Figure 7. Comparative identification of a low density population surrounded by much denser populations in the stem cell data set. (ac) SamSPECTRAL correctly identified the blue, low density population, while (df) flowMerge merged it to the yellow, high density population. (gi) FLAME merged it to the red population. (jl) The outcome of our modified MCL was similar to that obtained by SamSPECTRAL using classic spectral clustering. This shows that SamSPECTRAL is extensible by substituting classic spectral clustering with other clustering algorithms for weighted graph.
5. Rare populations comprising less than 2% of all data points (Figure 8).
Figure 8. Rare population in the stem cell data set. (ac) This is a typical sample from the stem cell data set that contains a rare population. In these three dimensional plots, the red dots represent the cells that are positive for all three markers. Only 23/9721 (0.24%) events belong to this population in this sample. SamSPECTRAL could properly identify the rare population in 27/34 (79.4%) samples from the stem cell data set.
Here, we demonstrate the capabilities of SamSPECTRAL in identifying biological populations in these cases and compare our results with two state of the art methods for clustering flow cytometry data, flowMerge (version 0.4.1) and FLAME (version 3), respectively obtained through BioConductor and GenePattern.
Overlapping Populations
Traditionally, identifying cell populations in flow cytometry data is accomplished by visualizing the multidimensional data as a series of bivariate plots, and separating interesting sections manually, in a process termed gating.
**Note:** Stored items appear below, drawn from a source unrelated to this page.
definition tf_cond :: "(real list \<Rightarrow> real list) \<Rightarrow> nat \<Rightarrow> 'a::finite transformer \<Rightarrow> 'a list \<Rightarrow> 'a sym \<Rightarrow> real" where
  "tf_cond \<pi> n T y s =
     (let v = final T (last (tf_repr \<pi> T (pad n y)));
          Z = ext_exp (logit T v EOS) + (\<Sum>a\<in>UNIV. ext_exp (logit T v (Sym a)))
      in if s = BOS then 0 else ext_exp (logit T v s) / Z)"

text \<open>Width-D well-formedness: all maps act on R^D, E has entries in R \<union> {-\<infinity>}.\<close>
definition wf_transformer :: "'a transformer \<Rightarrow> bool" where
  "wf_transformer T \<longleftrightarrow> (let D = width T in
     (\<forall>s j. wvec D (embed T s j)) \<and>
     (\<forall>L\<in>set (layers T).
        (\<forall>h\<in>set (fst L). \<forall>x. wvec D x \<longrightarrow>
            wvec D (hQ h x) \<and> wvec D (hK h x) \<and> wvec D (hV h x) \<and> wvec D (hO h x)) \<and>
        (\<forall>zs. length zs = length (fst L) \<and> (\<forall>z\<in>set zs. wvec D z) \<longrightarrow> wvec D (snd L zs))) \<and>
     (\<forall>x. wvec D x \<longrightarrow> wvec D (final T x)) \<and>
     (\<forall>s i. outmat T s i \<noteq> \<infinity>))"

end

theory Submission
  imports Defs
begin

text \<open>
  The static encoding records position and symbol of every token. Head \<open>i\<close> scores a key
  with 1 exactly when its position is \<open>i\<close> steps before the query's; the scores then already form
  a point of the simplex, which sparsemax leaves unchanged, so the head copies the symbol
  \<open>i\<close> positions back. The \<open>n - 1\<close> heads thus deliver the history of the last position, and the
  head-combining function writes the n-gram distribution of that history into the residual
  stream in a form from which the output matrix and softmax recover it exactly.
\<close>

instance sym :: (finite) finite
proof
  have "(UNIV :: 'a sym set) = range Sym \<union> {BOS, EOS}"
    by (auto intro: sym.exhaust)
  moreover have "finite (range (Sym :: 'a \<Rightarrow> 'a sym) \<union> {BOS, EOS})"
    by simp
  ultimately show "finite (UNIV :: 'a sym set)"
    by simp
qed

lemma sparsemax_eq_self:
  assumes "x \<in> prob_simplex (length x)"
  shows "sparsemax x = x"
  unfolding sparsemax_def
proof (rule the_equality)
  show "x \<in> prob_simplex (length x) \<and>
      (\<forall>q\<in>prob_simplex (length x). sqdist_list x x \<le> sqdist_list q x)"
    using assms by (auto simp: sqdist_list_def intro!: sum_nonneg)
next
  fix p
  assume p: "p \<in> prob_simplex (length x) \<and>
      (\<forall>q\<in>prob_simplex (length x). sqdist_list p x \<le> sqdist_list q x)"
  then have "(\<Sum>i<length x. (p ! i - x ! i)^2) \<le> 0"
    using assms by (fastforce simp: sqdist_list_def)
  then have "(\<Sum>i<length x. (p ! i - x ! i)^2) = 0"
    by (meson antisym sum_nonneg zero_le_power2)
  then have "\<forall>i<length x. p ! i = x ! i"
    by (simp add: sum_nonneg_eq_0_iff)
  moreover have "length p = length x"
    using p by (simp add: prob_simplex_def)
  ultimately show "p = x"
    by (simp add: nth_equalityI)
qed

lemma one_hot_in_prob_simplex:
  assumes "j < m"
  shows "map (\<lambda>k. if k = j then 1 else 0) [0..<m] \<in> prob_simplex m"
proof -
  have "sum_list (map (\<lambda>k. if k = j then 1 else 0) [0..<m]) = (\<Sum>k<m. if k = j then 1 else (0::real))"
    by (simp add: sum_list_map_eq_sum_count2 atLeast0LessThan flip: sum_set_upt_conv_sum_list_nat)
  also have "\<dots> = 1"
    using assms by simp
  finally show ?thesis
    by (simp add: prob_simplex_def)
qed

lemma head_out_sparsemax_one_hot:
  assumes "j \<le> s" and "s < length xs"
    and score: "\<And>k. k \<le> s \<Longrightarrow> hscore h (hQ h (xs ! s)) (hK h (xs ! k)) = (if k = j then 1 else 0)"
  shows "head_out sparsemax h xs ! s =
    (let a = (\<lambda>c. hV h (xs ! j) c + (xs ! s) c) in (\<lambda>c. hO h a c + a c))"
proof -
  define \<sigma> :: "real list" where "\<sigma> = map (\<lambda>k. if k = j then 1 else 0) [0..<Suc s]"
  have scores: "map (\<lambda>k. hscore h (hQ h (xs ! s)) (hK h (xs ! k))) [0..<Suc s] = \<sigma>"
    unfolding \<sigma>_def using score by (simp del: upt_Suc)
  have "sparsemax \<sigma> = \<sigma>"
    using one_hot_in_prob_simplex[of j "Suc s"] assms(1)
    by (intro sparsemax_eq_self) (simp add: \<sigma>_def del: upt_Suc)
  moreover have "(\<Sum>k\<le>s. \<sigma> ! k * hV h (xs ! k) c) = hV h (xs ! j) c" for c
  proof -
    have "(\<Sum>k\<le>s. \<sigma> ! k * hV h (xs ! k) c) = (\<Sum>k\<le>s. if k = j then hV h (xs ! k) c else 0)"
      by (rule sum.cong) (auto simp: \<sigma>_def nth_append less_Suc_eq_le simp del: upt_Suc)
    then show ?thesis
      using assms(1) by simp
  qed
  ultimately show ?thesis
    using assms(2) unfolding head_out_def by (simp add: scores Let_def del: upt_Suc)
qed

definition pos_sym_embed :: "('a sym \<Rightarrow> nat) \<Rightarrow> 'a sym \<Rightarrow> nat \<Rightarrow> vec" where
  "pos_sym_embed code s j = (\<lambda>c. if c = 0 then real j else if c = 1 then real (code s) else 0)"

text \<open>Assuming coordinate 0 holds the position and coordinate 1 the symbol code, head
  \<open>lookback_head i\<close> writes the code of the symbol \<open>i\<close> positions back into coordinate 2.\<close>

definition lookback_head :: "nat \<Rightarrow> head" where
  "lookback_head i = \<lparr>hQ = id, hK = id, hV = (\<lambda>x c. if c = 2 then x 1 else 0), hO = (\<lambda>_ _. 0),
     hscore = (\<lambda>q k. if k 0 = q 0 - real i then 1 else 0)\<rparr>"

lemma head_out_lookback_head:
  assumes pos: "\<And>j. j < length xs \<Longrightarrow> (xs ! j) 0 = real (Suc j)"
    and "i \<le> s" and "s < length xs"
  shows "head_out sparsemax (lookback_head i) xs ! s =
    (\<lambda>c. (if c = 2 then (xs ! (s - i)) 1 else 0) + (xs ! s) c)"
proof -
  have "hscore (lookback_head i) (hQ (lookback_head i) (xs ! s)) (hK (lookback_head i) (xs ! k)) =
      (if k = s - i then 1 else 0)" if "k \<le> s" for k
    using that assms by (auto simp: lookback_head_def pos)
  with assms have "head_out sparsemax (lookback_head i) xs ! s =
      (let a = (\<lambda>c. hV (lookback_head i) (xs ! (s - i)) c + (xs ! s) c)
       in (\<lambda>c. hO (lookback_head i) a c + a c))"
    by (intro head_out_sparsemax_one_hot) auto
  then show ?thesis
    by (simp add: lookback_head_def Let_def)
qed

lemma last_tf_repr_single_layer:
  assumes "layers T = [L]" and "w \<noteq> []"
  shows "last (tf_repr \<pi> T w) =
    snd L (map (\<lambda>h. head_out \<pi> h (map (\<lambda>j. embed T (w ! j) (Suc j)) [0..<length w]) ! (length w - 1))
      (fst L))"
  using assms by (simp add: tf_repr_def layer_out_def last_map del: upt_Suc)

lemma last_n_conv_map_rev_upt:
  assumes "k \<le> length w"
  shows "last_n k w = map (\<lambda>i. w ! (length w - Suc i)) (rev [0..<k])"
proof (rule nth_equalityI)
  fix m
  assume "m < length (last_n k w)"
  with assms show "last_n k w ! m = map (\<lambda>i. w ! (length w - Suc i)) (rev [0..<k]) ! m"
    by (simp add: last_n_def rev_nth Suc_diff_Suc)
qed (use assms in \<open>simp add: last_n_def\<close>)

text \<open>Coordinates \<open>2 * code s\<close> and \<open>2 * code s + 1\<close> carry \<open>ln (d s)\<close> and the flag \<open>d s = 0\<close>.
  The output matrix weighs the flag with \<open>-\<infinity>\<close>; as \<open>-\<infinity> * 0 = 0\<close> in \<open>ereal\<close>, the logit
  is \<open>ln (d s)\<close> if \<open>d s > 0\<close> and \<open>-\<infinity>\<close> otherwise.\<close>

definition dist_vec :: "nat \<Rightarrow> ('a sym \<Rightarrow> nat) \<Rightarrow> ('a sym \<Rightarrow> real) \<Rightarrow> vec" where
  "dist_vec N code d = (\<lambda>c. if c < 2 * N then
      (let s = inv code (c div 2) in if even c then ln (d s) else if d s = 0 then 1 else 0)
    else 0)"

definition dist_outmat :: "('a sym \<Rightarrow> nat) \<Rightarrow> 'a sym \<Rightarrow> nat \<Rightarrow> ereal" where
  "dist_outmat code s c = (if c = 2 * code s then 1 else if c = 2 * code s + 1 then -\<infinity> else 0)"

lemma ext_exp_dist_logit:
  assumes "inj code" and "code s < N" and "2 * N \<le> D" and "d s \<ge> 0"
  shows "ext_exp (\<Sum>c<D. dist_outmat code s c * ereal (dist_vec N code d c)) = d s"
proof -
  let ?k = "code s"
  have "(\<Sum>c<D. dist_outmat code s c * ereal (dist_vec N code d c)) =
      (\<Sum>c\<in>{2 * ?k, 2 * ?k + 1}. dist_outmat code s c * ereal (dist_vec N code d c))"
    using assms(2,3) by (intro sum.mono_neutral_right) (auto simp: dist_outmat_def)
  also have "\<dots> = ereal (dist_vec N code d (2 * ?k)) + -\<infinity> * ereal (dist_vec N code d (2 * ?k + 1))"
    by (simp add: dist_outmat_def)
  also have "\<dots> = (if d s > 0 then ereal (ln (d s)) else -\<infinity>)"
    using assms by (simp add: dist_vec_def inv_f_f)
  finally show ?thesis
    using assms(4) by (auto simp: ext_exp_def)
qed

lemma tf_cond_eq_dist:
  assumes "is_dist_bar d"
    and "\<And>s. ext_exp (logit T (final T (last (tf_repr \<pi> T (pad n y)))) s) = d s"
  shows "tf_cond \<pi> n T y = d"
proof
  fix s
  show "tf_cond \<pi> n T y s = d s"
    using assms by (simp add: tf_cond_def is_dist_bar_def Let_def)
qed

definition ngram_transformer ::
    "nat \<Rightarrow> ('a sym \<Rightarrow> nat) \<Rightarrow> nat \<Rightarrow> ('a sym list \<Rightarrow> 'a sym \<Rightarrow> real) \<Rightarrow> 'a transformer" where
  "ngram_transformer k code N g =
    \<lparr>width = 2 * N + 3, embed = pos_sym_embed code,
     layers = [(map lookback_head [0..<k],
                \<lambda>zs. dist_vec N code (g (map (\<lambda>z. inv code (nat \<lfloor>z 2\<rfloor>)) (rev zs))))],
     final = id, outmat = dist_outmat code\<rparr>"

lemma wf_ngram_transformer: "wf_transformer (ngram_transformer k code N g)"
  by (auto simp: wf_transformer_def ngram_transformer_def Let_def wvec_def pos_sym_embed_def
      lookback_head_def dist_vec_def dist_outmat_def)

lemma last_tf_repr_ngram_transformer:
  assumes "inj code" and "k \<le> length w" and "w \<noteq> []"
  shows "last (tf_repr sparsemax (ngram_transformer k code N g) w) = dist_vec N code (g (last_n k w))"
proof -
  define xs where "xs = map (\<lambda>j. pos_sym_embed code (w ! j) (Suc j)) [0..<length w]"
  define s where "s = length w - 1"
  have xs_nth: "xs ! j = pos_sym_embed code (w ! j) (Suc j)" if "j < length w" for j
    using that by (simp add: xs_def)
  have head_code: "(head_out sparsemax (lookback_head i) xs ! s) 2 = real (code (w ! (s - i)))"
    if "i < k" for i
  proof -
    have "i \<le> s" "s < length xs"
      using that assms(2,3) by (auto simp: s_def xs_def)
    then show ?thesis
      by (subst head_out_lookback_head) (auto simp: xs_def xs_nth pos_sym_embed_def)
  qed
  have "map (\<lambda>z. inv code (nat \<lfloor>z 2\<rfloor>))
      (rev (map (\<lambda>h. head_out sparsemax h xs ! s) (map lookback_head [0..<k]))) =
      map (\<lambda>i. w ! (s - i)) (rev [0..<k])"
    by (simp add: rev_map head_code assms(1) del: upt_Suc)
  also have "\<dots> = last_n k w"
    using assms(2,3) by (simp add: last_n_conv_map_rev_upt s_def)
  finally show ?thesis
    using assms(3)
    by (simp add: last_tf_repr_single_layer ngram_transformer_def xs_def s_def del: upt_Suc)
qed

lemma tf_cond_ngram_transformer:
  assumes "n \<ge> 2" and "is_LM p" and history: "\<And>y. p y = g (last_n (n - 1) (pad n y))"
    and "inj code" and "\<And>s. code s < N"
  shows "tf_cond sparsemax n (ngram_transformer (n - 1) code N g) = p"
proof
  fix y
  let ?T = "ngram_transformer (n - 1) code N g"
  have dist: "is_dist_bar (p y)"
    using assms(2) by (simp add: is_LM_def)
  have "last (tf_repr sparsemax ?T (pad n y)) = dist_vec N code (p y)"
    using assms(1,4) by (simp add: last_tf_repr_ngram_transformer pad_def history)
  then have "ext_exp (logit ?T (final ?T (last (tf_repr sparsemax ?T (pad n y)))) s) = p y s" for s
    using dist assms(4,5) unfolding logit_def is_dist_bar_def
    by (simp add: ngram_transformer_def ext_exp_dist_logit)
  with dist show "tf_cond sparsemax n ?T y = p y"
    by (rule tf_cond_eq_dist)
qed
Gating becomes challenging for high dimensional data since when the data is mapped to two dimensions, some clusters may overlap, resulting in the mixing of different populations. Consequently, even a trained operator cannot identify overlapping populations properly in all cases. However, our algorithm prevents this undesired error by considering all data dimensions together (Figure 4ac). Model based multidimensional techniques also perform generally well in this regard.
Subpopulations of a Population
Figure 4df shows a major blood population (granulocytes) formed from two distinct subpopulations as verified by expert manual analysis. SamSPECTRAL could clearly distinguish between two subpopulations. flowMerge merged these two populations into one, while FLAME split both subpopulations.
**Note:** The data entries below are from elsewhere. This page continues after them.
(* Let $a,c$ be positive integers and $\vec k=(a,1,c)$. Then $\mathrm{depth}(\pi)=\mathrm{bounce}(\pi)$ for every $\pi\in\mathcal D_{\vec k}$, and hence $$\sum_{\pi\in\mathcal D_{\vec k}}q^{\mathrm{area}(\pi)}t^{\mathrm{depth}(\pi)}=\sum_{\pi\in\mathcal D_{\vec k}}q^{\mathrm{area}(\pi)}t^{\mathrm{bounce}(\pi)}.$$
   Context: For $\vec k=(k_1,\dots,k_\ell)$ put $|\vec k|=\sum k_i$, $N=|\vec k|+\ell$. A $\vec k$-Dyck path is a word $\pi=\pi_1\cdots\pi_N$ containing the letters $S^{k_1},\dots,S^{k_\ell}$ exactly once each and in this order, together with $|\vec k|$ letters $W$, such that all starting ranks are nonnegative, where $r_1=0$, $r_{i+1}=r_i+k_j$ if $\pi_i=S^{k_j}$ and $r_{i+1}=r_i-1$ if $\pi_i=W$. $\mathcal D_{\vec k}$ is the set of such paths. $\mathrm{area}(\pi)=\sum_j a_j$ where $a_j$ is the starting rank of $S^{k_j}$. Filling algorithms: in a tableau of $\ell$ top-justified columns, column $i$ having $k_i+1$ cells, place $1$ at the top of column 1; for $i=2,\dots,N$, call an entry active if it is currently the bottom entry of a column $i'$ not yet containing $k_{i'}+1$ entries; if $\pi_i=W$ place $i$ immediately below the smallest active entry (algorithm $\eta$) resp. the largest active entry (algorithm $\eta_*$); otherwise place $i$ at the top of the first empty column. Ranking: for a filled tableau $F$, column 1 gets ranks $0,\dots,k_1$ top to bottom; for $i\ge2$, if the top entry of column $i$ of $F$ is $A+1$ and $A$ has rank $\alpha$, column $i$ gets ranks $\alpha,\dots,\alpha+k_i$ top to bottom. $\mathrm{bounce}(\pi)$ is the sum of the first-row ranks for $F=\eta(\pi)$, and $\mathrm{depth}(\pi)$ is the sum of the first-row ranks for $F=\eta_*(\pi)$. *)

theory Defs
  imports Main
begin

text \<open>The letter \<open>S j\<close> (j 0-based) stands for the paper's
  letter S^{k_{j+1}}, i.e. the (j+1)-st north-type letter, which raises the rank by k!j;
  \<open>W\<close> lowers the rank by one.\<close>

datatype letter = S nat | W

definition step :: "nat list \<Rightarrow> letter \<Rightarrow> int" where
  "step k x = (case x of S j \<Rightarrow> int (k ! j) | W \<Rightarrow> -1)"

fun ranks_from :: "nat list \<Rightarrow> int \<Rightarrow> letter list \<Rightarrow> int list" where
  "ranks_from k r [] = []"
| "ranks_from k r (x # xs) = r # ranks_from k (r + step k x) xs"

definition start_ranks :: "nat list \<Rightarrow> letter list \<Rightarrow> int list" where
  "start_ranks k \<pi> = ranks_from k 0 \<pi>"

definition dyck_paths :: "nat list \<Rightarrow> letter list set" where
  "dyck_paths k = {\<pi>. filter (\<lambda>x. x \<noteq> W) \<pi> = map S [0..<length k]
                      \<and> count_list \<pi> W = sum_list k
                      \<and> (\<forall>r \<in> set (start_ranks k \<pi>). 0 \<le> r)}"

definition area :: "nat list \<Rightarrow> letter list \<Rightarrow> nat" where
  "area k \<pi> = (\<Sum>i<length \<pi>. if \<pi> ! i \<noteq> W then nat (start_ranks k \<pi> ! i) else 0)"

text \<open>Tableaux: a list of l columns, each a list of entries from top to bottom.
  The selector \<open>sel\<close> picks, from the set of active entries, the one below which
  the next entry is put (Min for eta, Max for eta_star).\<close>

definition active_cols :: "nat list \<Rightarrow> nat list list \<Rightarrow> nat set" where
  "active_cols k F = {j. j < length F \<and> F ! j \<noteq> [] \<and> length (F ! j) < k ! j + 1}"

definition fill_step :: "(nat set \<Rightarrow> nat) \<Rightarrow> nat list \<Rightarrow> nat list list \<Rightarrow> nat \<times> letter
    \<Rightarrow> nat list list" where
  "fill_step sel k F p =
     (let i = fst p in
      if snd p = W then
        (let v = sel ((\<lambda>j. last (F ! j)) ` active_cols k F);
             j = (LEAST j. j \<in> active_cols k F \<and> last (F ! j) = v)
         in F[j := F ! j @ [i]])
      else
        (let j = (LEAST j. j < length F \<and> F ! j = []) in F[j := [i]]))"

definition fill :: "(nat set \<Rightarrow> nat) \<Rightarrow> nat list \<Rightarrow> letter list \<Rightarrow> nat list list" where
  "fill sel k \<pi> =
     foldl (fill_step sel k) ([1] # replicate (length k - 1) [])
           (zip [2..<Suc (length \<pi>)] (tl \<pi>))"

definition eta :: "nat list \<Rightarrow> letter list \<Rightarrow> nat list list" where
  "eta k \<pi> = fill Min k \<pi>"

definition eta_star :: "nat list \<Rightarrow> letter list \<Rightarrow> nat list list" where
  "eta_star k \<pi> = fill Max k \<pi>"

text \<open>Ranking: rs is the list of ranks of the top cells of the columns processed so far;
  an entry A in column j at row r (0-based) has rank rs!j + r.\<close>

definition entry_rank :: "nat list list \<Rightarrow> nat list \<Rightarrow> nat \<Rightarrow> nat" where
  "entry_rank F rs A =
     (let j = (LEAST j. j < length rs \<and> A \<in> set (F ! j));
          r = (LEAST r. r < length (F ! j) \<and> F ! j ! r = A)
      in rs ! j + r)"

definition top_ranks :: "nat list list \<Rightarrow> nat list" where
  "top_ranks F = foldl (\<lambda>rs i. rs @ [entry_rank F rs (hd (F ! i) - 1)]) [0] [1..<length F]"

definition bounce :: "nat list \<Rightarrow> letter list \<Rightarrow> nat" where
  "bounce k \<pi> = sum_list (top_ranks (eta k \<pi>))"

definition depth :: "nat list \<Rightarrow> letter list \<Rightarrow> nat" where
  "depth k \<pi> = sum_list (top_ranks (eta_star k \<pi>))"

end

theory Submission
  imports Defs
begin

(* A path in D_(a,1,c) is S^a W^x S^1 W^y S^c W^z with x <= a and x + y <= a + 1. Both fillings
   put 1, ..., x+1 into column 1 and x+2 on top of column 2, so the second first-row rank is x,
   and the third one is the rank of the entry x+y+2, which later entries cannot change. The two
   fillings differ only in where the first two letters of the run W^y go: eta sends them to
   columns 1 and 2, eta_* to columns 2 and 1 (with a single letter, eta may also use column 2
   when column 1 is full). Either way column 2 is then full and the rest of the run extends
   column 1, and in each case x+y+2 gets the same rank: x, x+1 or x+y-1 according as y = 0,
   y <= 2 or y >= 3. *)

declare upt_Suc [simp del]

definition abc_path :: "nat \<Rightarrow> nat \<Rightarrow> nat \<Rightarrow> letter list" where
  "abc_path x y z = S 0 # replicate x W @ S 1 # replicate y W @ S 2 # replicate z W"

lemma ranks_from_replicate_W_append:
  "ranks_from k r (replicate n W @ ys) = map (\<lambda>i. r - int i) [0..<n] @ ranks_from k (r - int n) ys"
proof (induction n arbitrary: r)
  case (Suc n)
  have "map (\<lambda>i. r - int i) [0..<Suc n] = r # map (\<lambda>i. r - 1 - int i) [0..<n]"
    by (simp add: map_upt_Suc)
  then show ?case
    using Suc[of "r - 1"] by (simp add: step_def algebra_simps)
qed simp

lemma filter_not_W_eq_ConsD:
  assumes "filter (\<lambda>x. x \<noteq> W) \<pi> = s # ss"
  obtains n \<rho> where "\<pi> = replicate n W @ s # \<rho>" and "filter (\<lambda>x. x \<noteq> W) \<rho> = ss"
proof -
  obtain us \<rho> where "\<pi> = us @ s # \<rho>" "\<forall>u\<in>set us. u = W"
    and "filter (\<lambda>x. x \<noteq> W) \<rho> = ss"
    using filter_eq_ConsD[OF assms] by auto
  then show thesis
    using that[of "length us"] by (metis replicate_length_same)
qed

lemma filter_not_W_eq_NilD:
  "filter (\<lambda>x. x \<noteq> W) \<pi> = [] \<Longrightarrow> \<pi> = replicate (length \<pi>) W"
  by (simp add: filter_empty_conv replicate_length_same)

lemma dyck_paths_a1c_shape:
  assumes "\<pi> \<in> dyck_paths [a, 1, c]"
  obtains x y z where "\<pi> = abc_path x y z" and "x \<le> a" and "x + y \<le> a + 1"
proof -
  have "filter (\<lambda>x. x \<noteq> W) \<pi> = [S 0, S 1, S 2]"
    and nonneg: "\<forall>r\<in>set (start_ranks [a, 1, c] \<pi>). 0 \<le> r"
    using assms by (auto simp: dyck_paths_def eval_nat_numeral upt_Suc)
  then obtain w x y z
    where \<pi>: "\<pi> = replicate w W @ S 0 # replicate x W @ S 1 # replicate y W @ S 2 # replicate z W"
    by (elim filter_not_W_eq_ConsD) (metis filter_not_W_eq_NilD)
  have ranks: "start_ranks [a, 1, c] \<pi> = map (\<lambda>i. - int i) [0..<w] @ - int w #
      map (\<lambda>i. - int w + int a - int i) [0..<x] @ (- int w + int a - int x) #
      map (\<lambda>i. - int w + int a - int x + 1 - int i) [0..<y] @ (- int w + int a - int x + 1 - int y) #
      ranks_from [a, 1, c] (- int w + int a - int x + 1 - int y + int c) (replicate z W)"
    by (simp add: \<pi> start_ranks_def ranks_from_replicate_W_append step_def)
  have "0 \<le> - int w" "0 \<le> - int w + int a - int x" "0 \<le> - int w + int a - int x + 1 - int y"
    using nonneg unfolding ranks by auto
  then show thesis
    using that \<pi> by (simp add: abc_path_def)
qed

definition W_run :: "nat \<Rightarrow> nat \<Rightarrow> (nat \<times> letter) list" where
  "W_run i n = map (\<lambda>j. (j, W)) [i..<i + n]"

lemma W_run_0 [simp]: "W_run i 0 = []"
  by (simp add: W_run_def)

lemma W_run_Suc: "W_run i (Suc n) = (i, W) # W_run (Suc i) n"
  by (simp add: W_run_def upt_conv_Cons)

lemma zip_upt_replicate_W: "m + n = N \<Longrightarrow> zip [m..<N] (replicate n W) = W_run m n"
  by (simp add: W_run_def zip_replicate2)

lemma zip_upt_replicate_W_append:
  "m + n + length ys = N \<Longrightarrow> zip [m..<N] (replicate n W @ ys) = W_run m n @ zip [m + n..<N] ys"
proof (induction n arbitrary: m)
  case (Suc n)
  then show ?case
    using Suc.IH[of "Suc m"] by (simp add: W_run_Suc upt_conv_Cons)
qed simp

lemma zip_upt_Cons: "m < N \<Longrightarrow> zip [m..<N] (s # ys) = (m, s) # zip [Suc m..<N] ys"
  by (simp add: upt_conv_Cons)

lemma fill_step_S_eq:
  assumes "j < length F" "F ! j = []" "\<forall>j' < j. F ! j' \<noteq> []"
  shows "fill_step sel k F (i, S m) = F[j := [i]]"
proof -
  have "(LEAST j. j < length F \<and> F ! j = []) = j"
    by (rule Least_equality) (use assms in \<open>auto simp: not_le[symmetric]\<close>)
  then show ?thesis
    by (simp add: fill_step_def Let_def)
qed

lemma fill_step_W_eq:
  assumes "active_cols k F = J" "j \<in> J" "sel ((\<lambda>j. last (F ! j)) ` J) = last (F ! j)"
    and "inj_on (\<lambda>j. last (F ! j)) J"
  shows "fill_step sel k F (i, W) = F[j := F ! j @ [i]]"
proof -
  have "(LEAST j'. j' \<in> J \<and> last (F ! j') = last (F ! j)) = j"
    by (rule Least_equality) (use assms(2,4) in \<open>auto dest: inj_onD\<close>)
  then show ?thesis
    using assms(1,3) by (simp add: fill_step_def Let_def)
qed

lemma active_cols_three_iff:
  "j \<in> active_cols [k0, k1, k2] [c0, c1, c2] \<longleftrightarrow>
     (j = 0 \<and> c0 \<noteq> [] \<and> length c0 \<le> k0) \<or> (j = 1 \<and> c1 \<noteq> [] \<and> length c1 \<le> k1)
   \<or> (j = 2 \<and> c2 \<noteq> [] \<and> length c2 \<le> k2)"
  by (auto simp: active_cols_def less_Suc_eq numeral_3_eq_3)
Nonelliptical Shaped Populations
While most model based techniques have a priori assumptions on the shape of populations that resulted in mixing or splitting populations, our method worked relatively well on the samples with arbitrary shape populations. In Figure 5, the PI positive population (blue diagonal one) was clearly identified despite its nonelliptical shape. flowMerge could also distinguish this population, but it incorrectly split the PI negative population into two parts. FLAME did not correctly distinguish the two populations. Figure 6ac shows the output of the three algorithms on a four dimensional sample from GvHD dataset. While the red population has a complex shape, it could be identified with high accuracy by SamSPECTRAL. While FLAME produced a satisfactory result, flowMerge mixed this population with the one below it.
Low Density Populations Close to Dense Populations
Figure 6df shows a sample from GvHD dataset containing a relatively low density and a high density population close together. SamSPECTRAL clearly distinguished the red population in the centre of the plot from the yellow dense population to its left. Moreover, it did not mix the red population with the other low density population to its right. FlowMerge also clustered this sample relatively well, requiring five times more processing time. The performance of FLAME was not satisfactory for this sample due to mixing the desired population with the other low density ones.
Figure 7 depicts a sample from the stem cell dataset containing a relatively low density population shown in blue. In each row, three 2dimensional plots of the 3dimensional data sample are presented. SamSPECTRAL could distinguish the blue population although it was surrounded by three relatively denser populations (the yellow, green and red ones). FlowMerge mixed this population with the yellow one, while FLAME mixed it with the red one.
Rare Populations
Identifying rare populations has many significant applications in flow cytometry experiments including distinguishing cancer stem cells, hematopoietic stem cell transplantation, detection of fetal cells in maternal blood, detection of leukocytes in leukocytedepleted platelet products, detection of injected cells for biotherapy and malaria diagnosis [44].
Figure 8 shows a typical sample from the stem cell data set that contains a rare population in red. This population is positive for all the three markers and in each sample, it comprises between 0.1% to 2% of total cells. We performed an experiment on 34 samples from the stem cell data set and compared the performance of SamSPECTRAL, flowMerge and FLAME. This rare population was distinguished manually and the result of manual gating was considered as the basis for our comparison. FLAME and flowMerge could identify this population only in 11 (32%) and 9 (26%) of samples, respectively.
SamSPECTRAL could distinguish this population in 27 (79%) samples including all the ones that were identified by FLAME and flowMerge. In the 7 (21%) samples that SamSPECTRAL failed, the rare population of interest contained less than 0.15% of all data points.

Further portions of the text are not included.